* Problem to solve
For the material below, return exactly the lines starting at the one holding "fix r assume" and ending at the one holding "t)\<^sup>2 * exp", counting both as part of the range.

* Data to use
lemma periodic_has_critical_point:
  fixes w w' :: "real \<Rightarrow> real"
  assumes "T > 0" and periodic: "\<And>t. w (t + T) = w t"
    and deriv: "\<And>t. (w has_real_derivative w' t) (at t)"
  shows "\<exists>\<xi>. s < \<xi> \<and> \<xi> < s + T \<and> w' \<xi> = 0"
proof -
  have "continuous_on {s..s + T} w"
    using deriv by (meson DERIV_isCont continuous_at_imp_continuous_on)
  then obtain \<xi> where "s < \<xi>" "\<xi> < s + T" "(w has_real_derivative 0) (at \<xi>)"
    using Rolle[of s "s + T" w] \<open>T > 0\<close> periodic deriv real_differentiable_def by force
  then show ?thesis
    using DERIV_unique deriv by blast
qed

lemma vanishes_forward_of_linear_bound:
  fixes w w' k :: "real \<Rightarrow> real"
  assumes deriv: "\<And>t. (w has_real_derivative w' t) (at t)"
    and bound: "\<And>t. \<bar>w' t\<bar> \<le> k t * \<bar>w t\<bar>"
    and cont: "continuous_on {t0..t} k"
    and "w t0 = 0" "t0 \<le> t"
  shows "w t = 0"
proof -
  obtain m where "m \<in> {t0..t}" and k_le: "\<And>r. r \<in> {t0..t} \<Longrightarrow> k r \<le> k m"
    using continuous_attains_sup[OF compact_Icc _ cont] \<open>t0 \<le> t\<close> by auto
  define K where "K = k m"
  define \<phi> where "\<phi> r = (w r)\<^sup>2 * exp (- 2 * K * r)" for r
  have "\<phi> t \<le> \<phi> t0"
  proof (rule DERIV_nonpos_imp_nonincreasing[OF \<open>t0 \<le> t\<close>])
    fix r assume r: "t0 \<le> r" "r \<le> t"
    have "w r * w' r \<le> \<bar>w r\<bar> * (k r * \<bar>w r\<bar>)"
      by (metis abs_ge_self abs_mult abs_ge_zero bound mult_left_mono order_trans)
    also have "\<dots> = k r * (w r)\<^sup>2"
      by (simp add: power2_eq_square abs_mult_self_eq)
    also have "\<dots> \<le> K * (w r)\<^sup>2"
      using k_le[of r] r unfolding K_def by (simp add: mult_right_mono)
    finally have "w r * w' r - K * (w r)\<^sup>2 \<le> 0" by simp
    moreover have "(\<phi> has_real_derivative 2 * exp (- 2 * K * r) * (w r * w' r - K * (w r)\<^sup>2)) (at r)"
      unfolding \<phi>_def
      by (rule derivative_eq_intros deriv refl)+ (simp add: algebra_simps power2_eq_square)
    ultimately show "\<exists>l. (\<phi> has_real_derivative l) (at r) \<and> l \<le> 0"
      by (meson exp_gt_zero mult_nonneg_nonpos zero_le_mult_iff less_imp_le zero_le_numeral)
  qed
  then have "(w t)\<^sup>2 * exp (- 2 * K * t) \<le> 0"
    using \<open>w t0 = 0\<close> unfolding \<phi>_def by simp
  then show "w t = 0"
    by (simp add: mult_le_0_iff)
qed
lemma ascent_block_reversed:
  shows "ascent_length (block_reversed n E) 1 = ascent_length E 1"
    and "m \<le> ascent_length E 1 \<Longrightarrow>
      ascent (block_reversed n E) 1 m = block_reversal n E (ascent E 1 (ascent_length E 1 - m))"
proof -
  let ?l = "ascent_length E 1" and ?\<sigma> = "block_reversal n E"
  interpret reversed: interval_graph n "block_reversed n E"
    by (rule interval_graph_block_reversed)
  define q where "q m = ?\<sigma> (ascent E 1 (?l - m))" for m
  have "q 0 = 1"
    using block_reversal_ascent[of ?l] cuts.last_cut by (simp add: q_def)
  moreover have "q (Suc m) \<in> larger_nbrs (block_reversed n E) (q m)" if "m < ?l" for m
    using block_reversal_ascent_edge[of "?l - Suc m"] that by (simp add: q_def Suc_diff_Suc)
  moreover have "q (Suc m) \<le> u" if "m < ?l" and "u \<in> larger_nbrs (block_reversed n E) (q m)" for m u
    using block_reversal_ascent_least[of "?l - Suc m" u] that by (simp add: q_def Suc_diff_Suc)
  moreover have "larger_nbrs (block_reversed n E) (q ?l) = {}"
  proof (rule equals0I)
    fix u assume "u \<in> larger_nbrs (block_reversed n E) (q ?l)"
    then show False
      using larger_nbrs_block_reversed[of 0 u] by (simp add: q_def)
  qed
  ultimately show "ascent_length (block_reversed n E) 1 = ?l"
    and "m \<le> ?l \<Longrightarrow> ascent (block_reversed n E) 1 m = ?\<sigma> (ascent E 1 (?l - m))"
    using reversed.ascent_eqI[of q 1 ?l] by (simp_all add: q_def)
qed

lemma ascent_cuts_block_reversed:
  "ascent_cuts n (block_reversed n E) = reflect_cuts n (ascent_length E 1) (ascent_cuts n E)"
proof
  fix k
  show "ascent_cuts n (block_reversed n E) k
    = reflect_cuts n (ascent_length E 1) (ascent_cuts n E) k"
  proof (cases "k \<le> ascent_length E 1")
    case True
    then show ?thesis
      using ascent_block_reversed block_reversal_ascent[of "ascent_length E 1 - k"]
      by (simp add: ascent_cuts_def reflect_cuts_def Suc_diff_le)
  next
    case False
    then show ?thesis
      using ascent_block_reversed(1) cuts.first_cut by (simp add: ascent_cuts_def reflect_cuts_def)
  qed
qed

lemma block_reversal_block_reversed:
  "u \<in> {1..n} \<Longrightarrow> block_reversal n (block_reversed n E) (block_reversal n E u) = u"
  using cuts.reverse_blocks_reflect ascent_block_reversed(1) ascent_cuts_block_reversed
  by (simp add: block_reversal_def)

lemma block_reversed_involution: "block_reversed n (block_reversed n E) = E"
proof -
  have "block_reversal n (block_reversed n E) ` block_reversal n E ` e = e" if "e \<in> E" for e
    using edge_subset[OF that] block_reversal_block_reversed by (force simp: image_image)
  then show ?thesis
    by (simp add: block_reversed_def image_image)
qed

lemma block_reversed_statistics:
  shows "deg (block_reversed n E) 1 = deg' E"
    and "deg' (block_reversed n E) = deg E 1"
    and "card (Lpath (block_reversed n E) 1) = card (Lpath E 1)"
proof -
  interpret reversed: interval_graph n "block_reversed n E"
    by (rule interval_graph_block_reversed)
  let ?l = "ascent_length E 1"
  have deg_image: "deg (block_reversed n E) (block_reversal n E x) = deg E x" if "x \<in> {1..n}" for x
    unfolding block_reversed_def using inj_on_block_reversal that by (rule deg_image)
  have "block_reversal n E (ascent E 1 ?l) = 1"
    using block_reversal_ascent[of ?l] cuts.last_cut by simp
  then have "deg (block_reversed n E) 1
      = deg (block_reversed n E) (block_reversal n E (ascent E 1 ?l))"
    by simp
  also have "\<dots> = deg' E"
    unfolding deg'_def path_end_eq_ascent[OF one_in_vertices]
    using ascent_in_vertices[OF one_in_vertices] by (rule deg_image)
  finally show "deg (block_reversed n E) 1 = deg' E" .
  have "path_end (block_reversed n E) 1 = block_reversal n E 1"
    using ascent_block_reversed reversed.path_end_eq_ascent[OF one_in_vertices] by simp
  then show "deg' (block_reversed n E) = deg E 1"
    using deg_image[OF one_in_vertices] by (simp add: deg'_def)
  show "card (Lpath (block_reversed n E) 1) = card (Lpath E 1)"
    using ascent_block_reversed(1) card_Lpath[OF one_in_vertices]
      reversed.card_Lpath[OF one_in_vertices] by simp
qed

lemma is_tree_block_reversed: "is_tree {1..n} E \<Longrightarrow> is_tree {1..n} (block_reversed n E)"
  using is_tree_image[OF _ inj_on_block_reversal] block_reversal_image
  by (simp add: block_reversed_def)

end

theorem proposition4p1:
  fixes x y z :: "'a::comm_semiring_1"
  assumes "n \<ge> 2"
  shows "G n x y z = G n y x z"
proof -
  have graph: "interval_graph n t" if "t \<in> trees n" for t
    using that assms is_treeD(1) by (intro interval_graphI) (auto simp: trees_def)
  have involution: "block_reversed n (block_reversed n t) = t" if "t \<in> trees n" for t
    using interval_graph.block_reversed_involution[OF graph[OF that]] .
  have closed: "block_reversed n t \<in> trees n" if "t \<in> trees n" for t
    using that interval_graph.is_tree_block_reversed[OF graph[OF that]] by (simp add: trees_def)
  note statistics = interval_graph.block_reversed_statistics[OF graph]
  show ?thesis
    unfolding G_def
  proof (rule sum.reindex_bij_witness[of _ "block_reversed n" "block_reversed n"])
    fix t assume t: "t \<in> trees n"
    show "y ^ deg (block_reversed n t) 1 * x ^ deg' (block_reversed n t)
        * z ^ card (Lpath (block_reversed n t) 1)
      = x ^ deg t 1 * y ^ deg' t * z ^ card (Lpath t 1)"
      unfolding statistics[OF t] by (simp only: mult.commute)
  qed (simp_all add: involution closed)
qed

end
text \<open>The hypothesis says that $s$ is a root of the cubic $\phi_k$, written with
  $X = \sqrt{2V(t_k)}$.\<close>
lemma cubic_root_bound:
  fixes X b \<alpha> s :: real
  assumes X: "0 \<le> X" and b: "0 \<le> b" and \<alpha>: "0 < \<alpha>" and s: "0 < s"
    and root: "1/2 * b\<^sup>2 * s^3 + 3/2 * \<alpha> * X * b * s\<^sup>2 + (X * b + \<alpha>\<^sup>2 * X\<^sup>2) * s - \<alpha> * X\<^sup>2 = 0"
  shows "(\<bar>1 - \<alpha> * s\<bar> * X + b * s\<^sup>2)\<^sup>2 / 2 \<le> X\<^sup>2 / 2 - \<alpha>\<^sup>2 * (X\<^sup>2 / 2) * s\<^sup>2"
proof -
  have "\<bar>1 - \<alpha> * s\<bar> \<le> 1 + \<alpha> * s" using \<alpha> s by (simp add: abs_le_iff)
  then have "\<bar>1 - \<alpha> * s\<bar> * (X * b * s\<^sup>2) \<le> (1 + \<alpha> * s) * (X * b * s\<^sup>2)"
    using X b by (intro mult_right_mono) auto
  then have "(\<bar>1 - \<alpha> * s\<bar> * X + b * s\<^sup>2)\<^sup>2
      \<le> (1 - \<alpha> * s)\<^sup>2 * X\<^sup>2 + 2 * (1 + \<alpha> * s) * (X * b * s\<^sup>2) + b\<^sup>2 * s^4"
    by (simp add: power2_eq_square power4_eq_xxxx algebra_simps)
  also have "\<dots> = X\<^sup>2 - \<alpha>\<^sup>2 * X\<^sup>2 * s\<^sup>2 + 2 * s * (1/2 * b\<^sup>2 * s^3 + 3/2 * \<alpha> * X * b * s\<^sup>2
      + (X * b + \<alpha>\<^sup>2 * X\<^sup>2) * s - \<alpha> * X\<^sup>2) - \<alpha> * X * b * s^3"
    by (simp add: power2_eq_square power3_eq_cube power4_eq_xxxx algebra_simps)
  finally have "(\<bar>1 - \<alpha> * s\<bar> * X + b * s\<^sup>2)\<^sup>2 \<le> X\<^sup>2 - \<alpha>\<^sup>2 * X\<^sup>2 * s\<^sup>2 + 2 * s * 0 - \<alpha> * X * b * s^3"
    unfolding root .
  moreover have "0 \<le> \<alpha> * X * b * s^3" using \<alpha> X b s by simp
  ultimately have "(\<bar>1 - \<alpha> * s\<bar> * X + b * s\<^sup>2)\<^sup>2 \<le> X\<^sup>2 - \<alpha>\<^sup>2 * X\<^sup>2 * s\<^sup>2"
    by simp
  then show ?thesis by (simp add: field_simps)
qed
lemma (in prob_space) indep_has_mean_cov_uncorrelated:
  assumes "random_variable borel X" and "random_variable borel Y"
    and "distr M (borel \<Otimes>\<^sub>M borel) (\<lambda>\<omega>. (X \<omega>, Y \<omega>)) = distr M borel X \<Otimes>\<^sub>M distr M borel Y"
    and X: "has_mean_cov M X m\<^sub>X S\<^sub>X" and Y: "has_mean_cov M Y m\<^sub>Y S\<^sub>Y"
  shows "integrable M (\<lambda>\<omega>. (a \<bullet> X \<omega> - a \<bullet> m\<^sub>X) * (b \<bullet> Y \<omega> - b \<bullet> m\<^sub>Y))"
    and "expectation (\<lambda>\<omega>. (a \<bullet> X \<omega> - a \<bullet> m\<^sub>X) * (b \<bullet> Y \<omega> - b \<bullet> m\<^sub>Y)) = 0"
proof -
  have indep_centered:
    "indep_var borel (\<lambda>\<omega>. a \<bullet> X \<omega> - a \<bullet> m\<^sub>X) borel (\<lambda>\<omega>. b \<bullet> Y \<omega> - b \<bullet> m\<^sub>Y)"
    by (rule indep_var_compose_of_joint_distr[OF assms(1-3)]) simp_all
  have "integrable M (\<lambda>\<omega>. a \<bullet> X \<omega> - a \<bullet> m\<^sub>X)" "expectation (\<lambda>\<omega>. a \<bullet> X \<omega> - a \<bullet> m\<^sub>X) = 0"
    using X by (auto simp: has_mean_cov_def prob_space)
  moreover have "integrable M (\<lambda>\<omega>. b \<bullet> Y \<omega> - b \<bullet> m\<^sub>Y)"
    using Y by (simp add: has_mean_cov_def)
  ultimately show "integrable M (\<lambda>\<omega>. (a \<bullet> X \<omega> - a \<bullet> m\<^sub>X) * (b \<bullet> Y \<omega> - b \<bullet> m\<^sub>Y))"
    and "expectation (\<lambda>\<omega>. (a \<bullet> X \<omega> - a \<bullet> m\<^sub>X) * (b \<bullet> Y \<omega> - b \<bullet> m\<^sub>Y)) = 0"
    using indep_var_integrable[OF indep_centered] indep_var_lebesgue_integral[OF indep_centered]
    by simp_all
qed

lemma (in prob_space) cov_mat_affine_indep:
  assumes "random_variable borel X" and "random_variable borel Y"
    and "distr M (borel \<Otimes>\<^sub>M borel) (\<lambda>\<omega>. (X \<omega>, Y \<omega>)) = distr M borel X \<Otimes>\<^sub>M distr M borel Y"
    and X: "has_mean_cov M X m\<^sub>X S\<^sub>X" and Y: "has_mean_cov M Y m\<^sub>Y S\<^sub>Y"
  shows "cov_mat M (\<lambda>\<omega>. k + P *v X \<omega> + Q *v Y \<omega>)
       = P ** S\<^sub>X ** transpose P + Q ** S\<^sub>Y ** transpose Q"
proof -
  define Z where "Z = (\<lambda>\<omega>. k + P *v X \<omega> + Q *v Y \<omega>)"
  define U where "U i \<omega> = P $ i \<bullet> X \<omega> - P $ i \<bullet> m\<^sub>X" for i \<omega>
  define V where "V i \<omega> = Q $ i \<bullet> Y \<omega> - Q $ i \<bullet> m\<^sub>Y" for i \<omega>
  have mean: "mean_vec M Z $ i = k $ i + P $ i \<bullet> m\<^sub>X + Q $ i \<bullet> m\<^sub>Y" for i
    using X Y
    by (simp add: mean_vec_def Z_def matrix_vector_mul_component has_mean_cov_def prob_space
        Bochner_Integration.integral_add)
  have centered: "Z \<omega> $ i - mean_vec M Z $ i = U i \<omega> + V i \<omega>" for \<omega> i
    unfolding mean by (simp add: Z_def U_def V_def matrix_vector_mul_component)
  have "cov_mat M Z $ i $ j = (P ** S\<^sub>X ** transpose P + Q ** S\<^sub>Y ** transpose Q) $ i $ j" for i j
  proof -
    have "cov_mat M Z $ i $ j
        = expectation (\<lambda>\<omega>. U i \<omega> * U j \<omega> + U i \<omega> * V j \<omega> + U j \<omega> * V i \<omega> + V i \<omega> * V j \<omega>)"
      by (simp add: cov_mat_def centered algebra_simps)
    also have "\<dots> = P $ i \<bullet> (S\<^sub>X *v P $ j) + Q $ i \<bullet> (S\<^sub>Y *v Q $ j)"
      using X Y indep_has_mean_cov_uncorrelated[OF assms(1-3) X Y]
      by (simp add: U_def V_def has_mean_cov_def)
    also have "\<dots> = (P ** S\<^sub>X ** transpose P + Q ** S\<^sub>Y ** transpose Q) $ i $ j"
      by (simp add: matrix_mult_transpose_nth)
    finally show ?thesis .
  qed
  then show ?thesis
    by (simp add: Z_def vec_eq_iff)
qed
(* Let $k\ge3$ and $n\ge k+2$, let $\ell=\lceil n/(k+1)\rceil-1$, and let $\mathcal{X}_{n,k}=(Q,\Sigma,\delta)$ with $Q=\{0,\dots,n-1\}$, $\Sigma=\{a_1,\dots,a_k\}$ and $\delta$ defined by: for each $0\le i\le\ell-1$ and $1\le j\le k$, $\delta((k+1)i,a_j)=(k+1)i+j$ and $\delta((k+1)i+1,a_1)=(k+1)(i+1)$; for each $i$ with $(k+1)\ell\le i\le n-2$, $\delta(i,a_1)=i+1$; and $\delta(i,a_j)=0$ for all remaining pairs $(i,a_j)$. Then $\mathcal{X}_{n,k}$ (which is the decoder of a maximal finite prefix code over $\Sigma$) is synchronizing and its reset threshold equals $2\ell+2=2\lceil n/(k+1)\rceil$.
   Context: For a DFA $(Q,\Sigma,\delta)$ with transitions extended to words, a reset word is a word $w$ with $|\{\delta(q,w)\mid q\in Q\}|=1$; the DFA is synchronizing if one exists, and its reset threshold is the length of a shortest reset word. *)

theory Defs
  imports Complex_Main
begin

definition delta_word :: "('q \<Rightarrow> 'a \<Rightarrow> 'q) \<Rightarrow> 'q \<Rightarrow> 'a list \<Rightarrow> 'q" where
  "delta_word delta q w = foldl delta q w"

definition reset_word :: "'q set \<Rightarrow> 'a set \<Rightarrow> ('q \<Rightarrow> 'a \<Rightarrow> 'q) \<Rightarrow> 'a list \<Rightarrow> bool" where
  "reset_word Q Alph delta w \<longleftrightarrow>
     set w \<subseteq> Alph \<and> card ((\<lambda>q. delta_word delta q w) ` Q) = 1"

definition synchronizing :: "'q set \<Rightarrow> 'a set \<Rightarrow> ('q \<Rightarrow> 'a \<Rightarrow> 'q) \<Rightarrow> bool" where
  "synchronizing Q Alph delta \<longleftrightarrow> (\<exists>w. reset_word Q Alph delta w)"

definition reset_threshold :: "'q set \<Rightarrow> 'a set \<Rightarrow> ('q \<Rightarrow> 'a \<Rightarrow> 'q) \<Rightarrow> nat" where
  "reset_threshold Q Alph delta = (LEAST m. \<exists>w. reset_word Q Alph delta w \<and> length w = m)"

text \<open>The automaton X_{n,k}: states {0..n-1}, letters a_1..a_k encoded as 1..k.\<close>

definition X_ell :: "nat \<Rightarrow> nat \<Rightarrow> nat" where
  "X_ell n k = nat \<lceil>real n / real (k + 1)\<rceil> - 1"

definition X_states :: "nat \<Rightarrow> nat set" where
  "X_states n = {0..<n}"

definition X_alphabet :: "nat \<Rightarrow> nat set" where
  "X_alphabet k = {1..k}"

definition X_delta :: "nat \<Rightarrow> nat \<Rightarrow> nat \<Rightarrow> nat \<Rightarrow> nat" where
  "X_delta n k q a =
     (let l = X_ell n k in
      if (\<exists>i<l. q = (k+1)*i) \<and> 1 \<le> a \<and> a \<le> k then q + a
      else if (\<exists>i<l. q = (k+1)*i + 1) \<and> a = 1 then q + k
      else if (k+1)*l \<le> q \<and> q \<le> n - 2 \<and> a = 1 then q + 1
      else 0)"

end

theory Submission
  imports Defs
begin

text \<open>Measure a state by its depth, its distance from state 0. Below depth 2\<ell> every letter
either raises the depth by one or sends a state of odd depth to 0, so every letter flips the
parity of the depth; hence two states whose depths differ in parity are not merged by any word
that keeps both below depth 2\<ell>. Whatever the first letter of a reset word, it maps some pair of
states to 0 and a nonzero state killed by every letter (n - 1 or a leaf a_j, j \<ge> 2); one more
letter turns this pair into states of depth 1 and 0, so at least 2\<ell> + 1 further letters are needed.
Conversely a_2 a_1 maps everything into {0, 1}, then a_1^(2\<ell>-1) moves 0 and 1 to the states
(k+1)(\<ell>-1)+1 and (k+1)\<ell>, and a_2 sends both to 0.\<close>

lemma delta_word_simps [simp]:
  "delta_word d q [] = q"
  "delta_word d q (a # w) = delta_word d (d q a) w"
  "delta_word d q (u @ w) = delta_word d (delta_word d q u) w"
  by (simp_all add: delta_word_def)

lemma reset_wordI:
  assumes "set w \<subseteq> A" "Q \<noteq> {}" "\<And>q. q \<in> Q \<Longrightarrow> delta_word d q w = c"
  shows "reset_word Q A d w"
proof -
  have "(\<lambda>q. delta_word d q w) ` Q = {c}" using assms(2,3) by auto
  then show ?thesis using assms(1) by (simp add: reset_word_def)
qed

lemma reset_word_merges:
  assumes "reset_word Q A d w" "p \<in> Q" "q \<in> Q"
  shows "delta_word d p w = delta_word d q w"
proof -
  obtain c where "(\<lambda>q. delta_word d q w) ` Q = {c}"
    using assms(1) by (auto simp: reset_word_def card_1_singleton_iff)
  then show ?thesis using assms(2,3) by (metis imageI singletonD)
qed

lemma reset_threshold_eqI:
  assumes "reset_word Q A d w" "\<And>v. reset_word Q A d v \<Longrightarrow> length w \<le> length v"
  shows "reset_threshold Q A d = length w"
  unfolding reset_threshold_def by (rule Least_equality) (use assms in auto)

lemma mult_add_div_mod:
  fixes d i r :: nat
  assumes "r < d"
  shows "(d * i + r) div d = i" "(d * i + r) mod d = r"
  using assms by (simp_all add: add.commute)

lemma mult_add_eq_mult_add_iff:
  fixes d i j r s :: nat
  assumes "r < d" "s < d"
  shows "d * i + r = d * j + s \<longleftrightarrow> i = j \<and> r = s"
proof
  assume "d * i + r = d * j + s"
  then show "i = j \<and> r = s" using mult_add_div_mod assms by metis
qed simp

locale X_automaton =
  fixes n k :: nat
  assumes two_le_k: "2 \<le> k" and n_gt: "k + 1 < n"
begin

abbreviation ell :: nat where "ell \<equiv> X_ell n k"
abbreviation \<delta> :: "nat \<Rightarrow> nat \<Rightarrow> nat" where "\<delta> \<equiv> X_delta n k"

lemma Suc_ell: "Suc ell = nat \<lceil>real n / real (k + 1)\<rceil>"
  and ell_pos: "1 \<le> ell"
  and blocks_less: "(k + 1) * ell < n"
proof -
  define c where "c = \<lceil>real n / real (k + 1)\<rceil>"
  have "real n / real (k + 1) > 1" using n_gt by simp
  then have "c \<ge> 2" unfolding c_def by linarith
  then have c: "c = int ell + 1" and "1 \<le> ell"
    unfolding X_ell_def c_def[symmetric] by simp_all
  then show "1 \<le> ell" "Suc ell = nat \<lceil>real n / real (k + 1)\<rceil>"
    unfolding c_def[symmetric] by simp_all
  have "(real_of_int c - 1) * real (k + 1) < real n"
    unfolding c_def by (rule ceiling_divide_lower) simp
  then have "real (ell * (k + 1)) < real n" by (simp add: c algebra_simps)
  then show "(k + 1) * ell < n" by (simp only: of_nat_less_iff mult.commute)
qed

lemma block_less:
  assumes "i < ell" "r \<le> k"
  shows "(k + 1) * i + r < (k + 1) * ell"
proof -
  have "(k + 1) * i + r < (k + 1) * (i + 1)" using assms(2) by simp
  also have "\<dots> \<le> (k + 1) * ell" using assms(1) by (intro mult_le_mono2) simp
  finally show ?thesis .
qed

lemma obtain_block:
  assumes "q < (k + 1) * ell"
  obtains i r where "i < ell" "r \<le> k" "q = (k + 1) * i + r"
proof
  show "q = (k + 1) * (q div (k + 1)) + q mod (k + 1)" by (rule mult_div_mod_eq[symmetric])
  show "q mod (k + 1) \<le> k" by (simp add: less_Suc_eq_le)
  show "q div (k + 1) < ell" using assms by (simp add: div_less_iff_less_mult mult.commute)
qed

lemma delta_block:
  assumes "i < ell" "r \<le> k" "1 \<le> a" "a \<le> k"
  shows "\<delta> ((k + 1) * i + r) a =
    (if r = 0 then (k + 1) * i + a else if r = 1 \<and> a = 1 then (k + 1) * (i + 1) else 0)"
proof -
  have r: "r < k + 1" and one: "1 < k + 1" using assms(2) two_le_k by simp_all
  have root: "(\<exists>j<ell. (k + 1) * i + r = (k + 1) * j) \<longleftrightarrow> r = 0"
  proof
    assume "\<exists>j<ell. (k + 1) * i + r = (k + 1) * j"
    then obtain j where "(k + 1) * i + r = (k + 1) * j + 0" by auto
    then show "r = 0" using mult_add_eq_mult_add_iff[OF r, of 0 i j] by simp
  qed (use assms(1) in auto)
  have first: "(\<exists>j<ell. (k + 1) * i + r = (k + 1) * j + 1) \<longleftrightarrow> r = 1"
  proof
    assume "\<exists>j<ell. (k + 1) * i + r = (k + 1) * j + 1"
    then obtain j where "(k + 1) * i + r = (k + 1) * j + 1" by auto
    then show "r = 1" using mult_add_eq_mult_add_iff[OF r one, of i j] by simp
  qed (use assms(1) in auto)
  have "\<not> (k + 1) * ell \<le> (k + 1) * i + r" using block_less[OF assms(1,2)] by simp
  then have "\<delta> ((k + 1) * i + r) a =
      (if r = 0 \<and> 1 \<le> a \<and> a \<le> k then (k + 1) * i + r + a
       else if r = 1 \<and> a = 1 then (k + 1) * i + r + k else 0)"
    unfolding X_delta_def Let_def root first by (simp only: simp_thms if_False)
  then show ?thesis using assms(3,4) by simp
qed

* Solution to this problem
    fix r assume r: "t0 \<le> r" "r \<le> t"
    have "w r * w' r \<le> \<bar>w r\<bar> * (k r * \<bar>w r\<bar>)"
      by (metis abs_ge_self abs_mult abs_ge_zero bound mult_left_mono order_trans)
    also have "\<dots> = k r * (w r)\<^sup>2"
      by (simp add: power2_eq_square abs_mult_self_eq)
    also have "\<dots> \<le> K * (w r)\<^sup>2"
      using k_le[of r] r unfolding K_def by (simp add: mult_right_mono)
    finally have "w r * w' r - K * (w r)\<^sup>2 \<le> 0" by simp
    moreover have "(\<phi> has_real_derivative 2 * exp (- 2 * K * r) * (w r * w' r - K * (w r)\<^sup>2)) (at r)"
      unfolding \<phi>_def
      by (rule derivative_eq_intros deriv refl)+ (simp add: algebra_simps power2_eq_square)
    ultimately show "\<exists>l. (\<phi> has_real_derivative l) (at r) \<and> l \<le> 0"
      by (meson exp_gt_zero mult_nonneg_nonpos zero_le_mult_iff less_imp_le zero_le_numeral)
  qed
  then have "(w t)\<^sup>2 * exp (- 2 * K * t) \<le> 0"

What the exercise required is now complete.